“Never, never, never, never give up.”
~Winston Churchill
Last night I was on a run with my 26 year old daughter, Lisa. We set our sights on a 4 mile route, a distance that was definitely a stretch for me, (not so much for her.) Midway through our run, I was slowing down, huffing and puffing. I wondered how I would find the motivation to keep going and finish the run.
Thinking about finishing, reminded me of a recent blog post I saw on Harvard Business Review: How to Become a Great Finisher. What could I draw from the research on “finishing” and motivation that would help me finish strong?
The author of the post, Heidi Grant Halvorson, is a motivational psychologist. She shares the research describing how people pursuing goals were affected by focusing on either how far they had already come (to-date thinking) or what was left to be accomplished (to-go thinking). People routinely use both kinds of thinking to motivate themselves. For example, a marathon runner may choose to think about the miles already traveled or the ones that lie ahead. (I could relate to that example.) A dieter who wants to lose 30 pounds may try to fight temptation by reminding themselves of the 20 pounds already lost, or the 10 left to go.
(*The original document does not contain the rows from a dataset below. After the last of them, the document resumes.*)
definition "\<epsilon> = \<theta> * \<xi>"
text \<open>
  \<open>q c\<close> is the fraction \<open>1 - \<xi>\<close> of the least incidence per virion near \<open>T0\<close>, so that
  \<open>incidence - q c V \<ge> \<kappa>V V\<close> there.
\<close>
definition "q = (1 - \<xi>) * b * (T0 - \<xi>) / (c * (1 + \<alpha> * \<epsilon>))"
definition "\<kappa>V = \<xi> * b * (T0 - \<xi>) / (1 + \<alpha> * \<epsilon>)"
definition "\<delta>1 = \<xi> * s / (2 * T0)"
definition "\<delta>2 = a * \<xi> * T0 / Tmax"
text \<open>Time for \<open>T\<close> to enter \<open>[T0 - \<xi>, T0 + \<xi>]\<close> once \<open>I\<close> and \<open>V\<close> stay below \<open>\<epsilon>\<close>.\<close>
definition "L0 = max ((T0 - \<xi>) / \<delta>1) (max 0 ((M - (T0 + \<xi>)) / \<delta>2))"
definition "kdec = \<mu> + 2 * a * M / Tmax + c"
definition "C = q + b * M * \<tau> * exp (c * \<tau>)"
definition "\<kappa> = min (\<Delta> / 2) (\<kappa>V / C)"
definition "\<epsilon>W = min \<epsilon> (q * \<epsilon>)"
definition "\<eta>W = \<epsilon>W * exp (- kdec * L0)"
definition "\<eta>V = min (\<eta>W / (2 * C)) (p * \<eta>W / (4 * c))"
definition "\<phi> = b * \<eta>T * \<eta>V / (1 + \<alpha> * M)"
definition "\<eta>I = \<phi> / (2 * (\<mu> + 2 * a * M / Tmax))"

lemma \<epsilon>_pos: "\<epsilon> > 0" and q_pos: "q > 0" and \<kappa>V_pos: "\<kappa>V > 0"
  and \<delta>1_pos: "\<delta>1 > 0" and \<delta>2_pos: "\<delta>2 > 0" and L0_nonneg: "L0 \<ge> 0"
  and kdec_pos: "kdec > 0" and C_pos: "C > 0" and \<kappa>_pos: "\<kappa> > 0"
  and \<epsilon>W_pos: "\<epsilon>W > 0" and \<eta>W_pos: "\<eta>W > 0" and \<eta>V_pos: "\<eta>V > 0"
  and \<phi>_pos: "\<phi> > 0" and \<eta>I_pos: "\<eta>I > 0" and \<xi>_lt_T0: "T0 - \<xi> > 0"
proof -
  show \<epsilon>: "\<epsilon> > 0" using \<theta>_pos \<xi>_props by (simp add: \<epsilon>_def)
  show T0\<xi>: "T0 - \<xi> > 0" using \<xi>_props T0_pos by simp
  have "1 + \<alpha> * \<epsilon> > 0" using \<epsilon> \<alpha>_pos by (simp add: add_pos_pos)
  then show q: "q > 0" and \<kappa>V: "\<kappa>V > 0"
    using \<xi>_props T0\<xi> b_pos c_pos by (simp_all add: q_def \<kappa>V_def)
  show \<delta>1: "\<delta>1 > 0" using \<xi>_props s_pos T0_pos by (simp add: \<delta>1_def)
  show "\<delta>2 > 0" using \<xi>_props a_pos T0_pos Tmax_pos by (simp add: \<delta>2_def)
  have "(T0 - \<xi>) / \<delta>1 > 0" using T0\<xi> \<delta>1 by simp
  then show "L0 \<ge> 0" by (simp add: L0_def)
  show kdec: "kdec > 0"
    using \<mu>_pos a_pos M_pos Tmax_pos c_pos by (simp add: kdec_def add_pos_nonneg)
  have "b * M * \<tau> * exp (c * \<tau>) \<ge> 0" using b_pos M_pos \<tau>_nonneg by simp
  then show C: "C > 0" using q by (simp add: C_def)
  show "\<kappa> > 0" using \<Delta>_pos \<kappa>V C by (simp add: \<kappa>_def)
  show \<epsilon>W: "\<epsilon>W > 0" using \<epsilon> q by (simp add: \<epsilon>W_def)
  then show \<eta>W: "\<eta>W > 0" by (simp add: \<eta>W_def)
  then show \<eta>V: "\<eta>V > 0" using C p_pos c_pos by (simp add: \<eta>V_def)
  have "1 + \<alpha> * M > 0" using \<alpha>_pos M_pos by (simp add: add_pos_pos)
  then show \<phi>: "\<phi> > 0" using \<eta>T_pos \<eta>V b_pos by (simp add: \<phi>_def)
  have "\<mu> + 2 * a * M / Tmax > 0" using \<mu>_pos a_pos M_pos Tmax_pos by (simp add: add_pos_nonneg)
  then show "\<eta>I > 0" using \<phi> by (simp add: \<eta>I_def)
qed

lemma losses_near_T0_eq_\<delta>1: "a * T0 * \<epsilon> / Tmax + b * T0 * \<epsilon> = \<delta>1"
proof -
  define k where "k = a / Tmax + b"
  have "k > 0" using a_pos b_pos Tmax_pos by (simp add: k_def add_pos_pos)
  have "a * T0 * \<epsilon> / Tmax + b * T0 * \<epsilon> = k * T0 * \<epsilon>"
    by (simp add: k_def algebra_simps)
  also have "\<dots> = k * T0 * (s / (2 * T0^2 * k) * \<xi>)"
    by (simp add: k_def \<epsilon>_def \<theta>_def)
  also have "\<dots> = \<delta>1"
    using \<open>k > 0\<close> T0_pos by (simp add: \<delta>1_def field_simps power2_eq_square)
  finally show ?thesis .
qed

lemmas constants_pos = \<epsilon>_pos q_pos \<kappa>V_pos \<delta>1_pos \<delta>2_pos L0_nonneg kdec_pos C_pos \<kappa>_pos
  \<epsilon>W_pos \<eta>W_pos \<eta>V_pos \<phi>_pos \<eta>I_pos \<xi>_lt_T0

end

locale endemic_solution = hiv_solution + endemic_model
begin

text \<open>
  The delay integral \<open>\<integral>\<^sub>t\<^sub>-\<^sub>\<tau>\<^sup>t incidence\<close> is written as a difference of integrals
  from \<open>-\<tau>\<close>, which differentiates directly.
\<close>
definition "W t = I t + q * V t + (integral {-\<tau>..t} incidence - integral {-\<tau>..t - \<tau>} incidence)"
definition "DW t = incidence t + I t * (a * (1 - (T t + I t) / Tmax) - \<mu> + q * p) - q * c * V t"

lemma incidence_continuous_on: "continuous_on {-\<tau>..} incidence"
proof -
  have "continuous_on {-\<tau>..} T" "continuous_on {-\<tau>..} V"
    using solution by (auto simp: is_solution_def)
  moreover have "\<forall>t\<in>{-\<tau>..}. 1 + \<alpha> * V t \<noteq> 0"
    using solution_pos \<alpha>_pos by (smt (verit) atLeast_iff mult_pos_pos)
  ultimately show ?thesis
    unfolding incidence_def[abs_def] by (intro continuous_intros) auto
qed

lemma incidence_integrable_on: "-\<tau> \<le> u \<Longrightarrow> incidence integrable_on {u..v}"
  by (rule integrable_continuous_real, rule continuous_on_subset[OF incidence_continuous_on]) auto

lemma W_eq: "0 \<le> t \<Longrightarrow> W t = I t + q * V t + integral {t - \<tau>..t} incidence"
  using Henstock_Kurzweil_Integration.integral_combine[where f = incidence and a = "-\<tau>"
      and c = "t - \<tau>" and b = t] incidence_integrable_on[of "-\<tau>" t] \<tau>_nonneg
  by (simp add: W_def)

lemma W_deriv:
  assumes "t > 0"
  shows "(W has_real_derivative DW t) (at t)"
proof -
  have "((\<lambda>u. integral {-\<tau>..u} incidence) has_real_derivative incidence t) (at t)"
    using assms \<tau>_nonneg by (intro integral_upper_has_real_derivative incidence_continuous_on) auto
  moreover have "((\<lambda>u. integral {-\<tau>..u} incidence) has_real_derivative incidence (t - \<tau>))
      (at (t + - \<tau>))"
    using integral_upper_has_real_derivative[OF incidence_continuous_on, of "t - \<tau>"] assms by simp
  then have "((\<lambda>u. integral {-\<tau>..u - \<tau>} incidence) has_real_derivative incidence (t - \<tau>)) (at t)"
    unfolding DERIV_shift by simp
  ultimately have
    "(W has_real_derivative DI t + q * DV t + (incidence t - incidence (t - \<tau>))) (at t)"
    unfolding W_def[abs_def] using assms by (intro DERIV_add DERIV_cmult DERIV_diff I_deriv V_deriv)
  moreover have "DI t + q * DV t + (incidence t - incidence (t - \<tau>)) = DW t"
    by (simp add: DI_def DV_def DW_def algebra_simps)
  ultimately show ?thesis by simp
qed

lemma W_continuous_on: "0 < u \<Longrightarrow> continuous_on {u..v} W"
  by (intro continuous_at_imp_continuous_on ballI DERIV_isCont[OF W_deriv]) auto

lemma W_ge: "0 \<le> t \<Longrightarrow> I t + q * V t \<le> W t"
  unfolding W_eq using incidence_integrable_on incidence_bounds(1) \<tau>_nonneg
  by (auto intro!: integral_nonneg)

lemma W_pos: "0 \<le> t \<Longrightarrow> W t > 0"
  using W_ge[of t] solution_pos[of t] constants_pos \<tau>_nonneg by (smt (verit) mult_pos_pos)

lemma small_if_W_le:
  assumes "0 \<le> t" "W t \<le> \<epsilon>W"
  shows "I t \<le> \<epsilon>" "V t \<le> \<epsilon>"
proof -
  have "I t + q * V t \<le> \<epsilon>W" using W_ge assms by (meson order_trans)
  moreover have "I t > 0" "q * V t > 0"
    using solution_pos[of t] assms \<tau>_nonneg constants_pos by auto
  ultimately have "I t \<le> \<epsilon>" "q * V t \<le> q * \<epsilon>" unfolding \<epsilon>W_def by auto
  then show "I t \<le> \<epsilon>" "V t \<le> \<epsilon>" using constants_pos by auto
qed

lemma V_le_later:
  assumes "0 \<le> r" "r \<le> t"
  shows "V r \<le> V t * exp (c * (t - r))"
proof -
  have "V t \<ge> V r * exp (- c * (t - r))"
  proof (rule exp_lower_bound_if_deriv_ge[where x' = DV])
    fix u assume u: "r < u" "u < t"
    show "(V has_real_derivative DV u) (at u)" using V_deriv u assms by simp
    show "DV u \<ge> - c * V u" using solution_pos[of u] u assms \<tau>_nonneg p_pos by (simp add: DV_def)
  qed (use assms solution_continuous_on[of r t] \<tau>_nonneg in auto)
  then have "V r * exp (- c * (t - r)) * exp (c * (t - r)) \<le> V t * exp (c * (t - r))"
    by (simp add: mult_right_mono)
  then show ?thesis by (simp add: mult.assoc exp_add[symmetric])
qed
So what was the affect of each different type of thinking? Is it better to focus on the 2.5 miles I’ve already run or the 1.5 miles I have left to go?
What the researchers found was that “too much to-date thinking, focusing on what you've accomplished so far, will actually undermine your motivation to finish rather than sustain it..... Often a premature sense of accomplishment takes over and we begin to slack off.”
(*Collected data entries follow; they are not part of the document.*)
(* Let $(S,\curlyvee)$ be a $\curlyvee$-algebra and let $I$ be a relatively maximal $\lesssim$-ideal of $S$ (i.e., relatively maximal with respect to not containing some $d\in S$). Define $E_I=\{(a,b)\in S\times S: a\notin I,\ b\notin I,\ a\curlyvee b\notin I\}$ and $\epsilon_I=E_I\cup(I\times I)$. Then $\epsilon_I$ is a congruence on $(S,\curlyvee)$ and $S/\epsilon_I$ is a flat $\curlyvee$-algebra. Moreover, $S$ is a subdirect product of the algebras $S/\epsilon_I$ as $I$ ranges over all relatively maximal $\lesssim$-ideals of $S$.
   Context: A $\curlyvee$-algebra is an algebra $(S,\curlyvee)$ with one binary operation such that, defining $a\sqcup b=a\curlyvee(a\curlyvee b)$ and $a\lesssim b$ iff $b\sqcup a=b$: $\sqcup$ is associative, $a\sqcup a=a$ and $a\sqcup b=(a\sqcup b)\sqcup a$; $\curlyvee$ is commutative and idempotent; $(a\curlyvee b)\sqcup(a\sqcup b)=a\sqcup b$; $a\sqcup(b\curlyvee c)=(a\sqcup b)\curlyvee(a\sqcup c)$; and if $d\lesssim a,b,c,a\curlyvee b,b\curlyvee c$ then $d\lesssim a\curlyvee c$. A $\lesssim$-ideal is a non-empty subset $I$ that is a down-set under $\lesssim$ with $i\sqcup j\in I$ for all $i,j\in I$; it is relatively maximal with respect to not containing $d$ if $d\notin I$ and no $\lesssim$-ideal properly containing $I$ omits $d$. A flat $\curlyvee$-algebra is an algebra $(T,\curlyvee)$ with an element $0$ such that $a\curlyvee b=0$ for distinct $a,b$ both different from $0$, and $a\curlyvee a=a$, $a\curlyvee 0=0\curlyvee a=a$ for all $a$. *)

theory Defs
  imports Main
begin

text \<open>A \<curlyvee>-algebra is represented by its binary operation f on the whole type 'a.\<close>

definition vsq :: "('a \<Rightarrow> 'a \<Rightarrow> 'a) \<Rightarrow> 'a \<Rightarrow> 'a \<Rightarrow> 'a" where
  "vsq f a b = f a (f a b)"

definition vle :: "('a \<Rightarrow> 'a \<Rightarrow> 'a) \<Rightarrow> 'a \<Rightarrow> 'a \<Rightarrow> bool" where
  "vle f a b \<longleftrightarrow> vsq f b a = b"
“If, instead, we focus on how far we have left to go (to-go thinking), motivation is not only sustained, it’s heightened. Fundamentally, this has to do with the way our brains are wired. To-go thinking helps us tune in to the presence of a discrepancy between where we are now and where we want to be. When the human brain detects a discrepancy, it reacts by throwing resources at it: attention, effort, deeper processing of information, and willpower.”
Ok then. I focused on 1.5 more miles to go. And I finished strong.
As you can imagine, this simple strategy, focusing on “to-go thinking” rather than “to-date” thinking, is applicable in all sorts of business and personal situations. Audit engagements, legal cases, goal completion are just a few that come to mind.
What do you think? How do you motivate yourself to “finish strong”? How do you motivate your team to finish strong? Do you focus on “to-go” thinking or “to-date” thinking?